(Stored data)
lemma G_less: "y > 0 \<Longrightarrow> G y < y"
  using G_plus_H[of y] H_pos[of y] by linarith

lemma G_H_plus_G_G: "y > 0 \<Longrightarrow> G (H y) + G (G y) = G y"
  using G_H_commute[of y] G_plus_H[of "G y"] G_pos[of y] by simp

text \<open>\<open>word_sum n f y\<close> is the sum of \<open>f c * w y\<close> over all words \<open>w\<close> of length \<open>n\<close> in \<open>G\<close> and \<open>H\<close>,
  where \<open>c\<close> is the number of letters \<open>G\<close> in \<open>w\<close>.\<close>

primrec word_sum :: "nat \<Rightarrow> (nat \<Rightarrow> real) \<Rightarrow> real \<Rightarrow> real" where
  "word_sum 0 f y = f 0 * y"
| "word_sum (Suc n) f y = word_sum n (\<lambda>c. f (Suc c)) (G y) + word_sum n f (H y)"

lemma word_sum_add: "word_sum n (\<lambda>c. f c + k c) y = word_sum n f y + word_sum n k y"
  by (induction n arbitrary: f k y) (auto simp: algebra_simps)

lemma word_sum_scale: "word_sum n (\<lambda>c. a * f c) y = a * word_sum n f y"
  by (induction n arbitrary: f y) (auto simp: algebra_simps)

lemma word_sum_const: "y > 0 \<Longrightarrow> word_sum n (\<lambda>c. a) y = a * y"
proof (induction n arbitrary: y)
  case 0 then show ?case by simp
next
  case (Suc n)
  then show ?case using G_pos[of y] H_pos[of y] G_plus_H[of y]
    by (simp add: distrib_left[symmetric])
qed

lemma word_sum_nonneg: "y > 0 \<Longrightarrow> (\<And>c. f c \<ge> 0) \<Longrightarrow> word_sum n f y \<ge> 0"
  by (induction n arbitrary: f y) (simp_all add: G_pos H_pos)

lemma word_sum_count: "y > 0 \<Longrightarrow> word_sum n real y = real n * G y"
proof (induction n arbitrary: y)
  case 0 then show ?case by simp
next
  case (Suc n)
  have "word_sum (Suc n) real y = word_sum n (\<lambda>c. 1 + real c) (G y) + word_sum n real (H y)"
    by simp
  also have "\<dots> = G y + real n * (G (H y) + G (G y))"
    using Suc G_pos[of y] H_pos[of y] by (simp add: word_sum_add word_sum_const algebra_simps)
  also have "\<dots> = real (Suc n) * G y"
    using G_H_plus_G_G[OF Suc.prems] by (simp add: algebra_simps)
  finally show ?case .
qed

lemma word_sum_count_pairs:
  "y > 0 \<Longrightarrow> word_sum n (\<lambda>c. real c * (real c - 1)) y = real n * (real n - 1) * G (G y)"
proof (induction n arbitrary: y)
  case 0 then show ?case by simp
next
  case (Suc n)
  let ?f = "\<lambda>c. real c * (real c - 1)"
  have shift: "(\<lambda>c. ?f (Suc c)) = (\<lambda>c. ?f c + 2 * real c)"
    by (auto simp: algebra_simps)
  have Gy: "G y > 0" and Hy: "H y > 0" using G_pos H_pos Suc.prems by auto
  have "word_sum (Suc n) ?f y = word_sum n ?f (G y) + 2 * word_sum n real (G y) + word_sum n ?f (H y)"
    by (simp only: word_sum.simps shift word_sum_add word_sum_scale)
  also have "\<dots> = real n * (real n - 1) * (G (G (G y)) + G (G (H y))) + 2 * real n * G (G y)"
    by (simp only: Suc.IH[OF Gy] Suc.IH[OF Hy] word_sum_count[OF Gy]) (simp add: algebra_simps)
  also have "G (G (G y)) + G (G (H y)) = G (G y)"
    using G_H_plus_G_G[OF Gy] G_H_commute[OF Suc.prems] by (simp add: add.commute)
  finally show ?case by (simp add: algebra_simps)
qed

text \<open>The letter count \<open>c\<close> has nonnegative variance; then let \<open>n \<rightarrow> \<infinity>\<close>.\<close>

lemma G_squared_le: assumes y: "y > 0" shows "(G y)^2 \<le> G (G y) * y"
proof -
  let ?D = "(G y)^2 - G (G y) * y"
  have bound: "real n * ?D \<le> G y * y - G (G y) * y" if n: "n > 0" for n
  proof -
    have expand: "(\<lambda>c. (real c * y - real n * G y)^2) = (\<lambda>c. y^2 * (real c * (real c - 1))
        + ((y^2 - 2 * real n * G y * y) * real c + (real n * G y)^2))"
      by (auto simp: power2_eq_square algebra_simps)
    have "word_sum n (\<lambda>c. (real c * y - real n * G y)^2) y
        = y^2 * word_sum n (\<lambda>c. real c * (real c - 1)) y
          + ((y^2 - 2 * real n * G y * y) * word_sum n real y + word_sum n (\<lambda>c. (real n * G y)^2) y)"
      by (simp only: expand word_sum_add word_sum_scale)
    also have "\<dots> = real n * y * (G y * y - G (G y) * y - real n * ?D)"
      by (simp only: word_sum_count_pairs[OF y] word_sum_count[OF y] word_sum_const[OF y])
         (simp add: power2_eq_square algebra_simps)
    moreover have "word_sum n (\<lambda>c. (real c * y - real n * G y)^2) y \<ge> 0"
      by (rule word_sum_nonneg[OF y]) simp
    moreover have "real n * y > 0" using n y by simp
    ultimately show ?thesis by (auto simp: zero_le_mult_iff)
  qed
  show ?thesis
  proof (rule ccontr)
    assume "\<not> ?thesis"
    then have D: "?D > 0" by simp
    then obtain n where "G y * y - G (G y) * y < real n * ?D"
      using ex_less_of_nat_mult by blast
    moreover have "real n * ?D \<le> real (Suc n) * ?D" using D by simp
    ultimately show False using bound[of "Suc n"] by simp
  qed
qed

definition ratio :: "real \<Rightarrow> real" where "ratio y = G y / y"

lemma ratio_pos: "y > 0 \<Longrightarrow> 0 < ratio y"
  using G_pos[of y] by (simp add: ratio_def)

lemma ratio_less_1: "y > 0 \<Longrightarrow> ratio y < 1"
  using G_less[of y] by (simp add: ratio_def)

lemma G_eq_ratio_mult: "y > 0 \<Longrightarrow> G y = ratio y * y"
  by (simp add: ratio_def)

lemma ratio_le_ratio_G: assumes y: "y > 0" shows "ratio y \<le> ratio (G y)"
  using G_squared_le[OF y] y G_pos[OF y] by (simp add: ratio_def field_simps power2_eq_square)

lemma ratio_G:
  assumes v: "v > 0" shows "ratio (G v) = 1 - ratio (H v) * (1 - ratio v) / ratio v"
proof -
  have complement: "1 - ratio v = H v / v" using G_plus_H[OF v] v by (simp add: ratio_def field_simps)
  have "ratio (H v) * (1 - ratio v) / ratio v = G (H v) / G v"
    using v G_pos[OF v] H_pos[OF v] unfolding complement by (simp add: ratio_def field_simps)
  moreover have "G (G v) = G v - G (H v)" using G_H_plus_G_G[OF v] by simp
  ultimately show ?thesis
    using G_pos[OF v] by (simp add: ratio_def diff_divide_distrib)
qed

lemma funpow_G_pos: "y > 0 \<Longrightarrow> (G ^^ k) y > 0"
  by (induction k) (auto simp: G_pos)

lemma funpow_H_pos: "y > 0 \<Longrightarrow> (H ^^ k) y > 0"
  by (induction k) (auto simp: H_pos)

lemma funpow_G_H_pos: "y > 0 \<Longrightarrow> (G ^^ k) ((H ^^ m) y) > 0"
  by (simp add: funpow_G_pos funpow_H_pos)

lemma G_funpow_H_commute: "y > 0 \<Longrightarrow> G ((H ^^ m) y) = (H ^^ m) (G y)"
  by (induction m) (simp_all add: G_H_commute funpow_H_pos)

lemma funpow_G_funpow_H_commute: "y > 0 \<Longrightarrow> (G ^^ k) ((H ^^ m) y) = (H ^^ m) ((G ^^ k) y)"
  by (induction k) (simp_all add: G_funpow_H_commute funpow_G_pos)

lemma funpow_G_le: "y > 0 \<Longrightarrow> (G ^^ k) y \<le> y"
proof (induction k)
  case 0 then show ?case by simp
next
  case (Suc k)
  then show ?case using G_less[of "(G ^^ k) y"] funpow_G_pos[of y k] by simp
qed

lemma funpow_G_div_eq_prod: "y > 0 \<Longrightarrow> (G ^^ p) y / y = (\<Prod>i<p. ratio ((G ^^ i) y))"
proof (induction p)
  case 0 then show ?case by simp
next
  case (Suc p)
  have "(G ^^ Suc p) y = ratio ((G ^^ p) y) * (G ^^ p) y"
    using G_eq_ratio_mult[of "(G ^^ p) y"] funpow_G_pos[OF Suc.prems, of p] by simp
  then show ?case using Suc by (simp add: field_simps)
qed

lemma incseq_ratio_funpow_G: "y > 0 \<Longrightarrow> incseq (\<lambda>j. ratio ((G ^^ j) y))"
  by (rule incseq_SucI) (simp add: ratio_le_ratio_G funpow_G_pos)

definition limit_ratio :: "real \<Rightarrow> real" where
  "limit_ratio x = lim (\<lambda>j. ratio ((G ^^ j) x))"

lemma ratio_funpow_G_tendsto:
  assumes x: "x > 0" shows "(\<lambda>j. ratio ((G ^^ j) x)) \<longlonglongrightarrow> limit_ratio x"
proof -
  obtain L where "(\<lambda>j. ratio ((G ^^ j) x)) \<longlonglongrightarrow> L"
    using incseq_convergent[OF incseq_ratio_funpow_G[OF x], of 1]
      ratio_less_1[OF funpow_G_pos[OF x]] by (metis less_imp_le)
  then show ?thesis unfolding limit_ratio_def by (metis limI)
qed

lemma ratio_funpow_G_le_limit_ratio: "x > 0 \<Longrightarrow> ratio ((G ^^ j) x) \<le> limit_ratio x"
  by (rule incseq_le[OF incseq_ratio_funpow_G ratio_funpow_G_tendsto])

lemma limit_ratio_le_1: assumes x: "x > 0" shows "limit_ratio x \<le> 1"
  by (rule LIMSEQ_le_const2[OF ratio_funpow_G_tendsto[OF x]])
     (use ratio_less_1[OF funpow_G_pos[OF x]] in \<open>auto intro: less_imp_le\<close>)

[Your instructions] Answer with a number only: how many lines above include the word "moreover"?

[Output] 4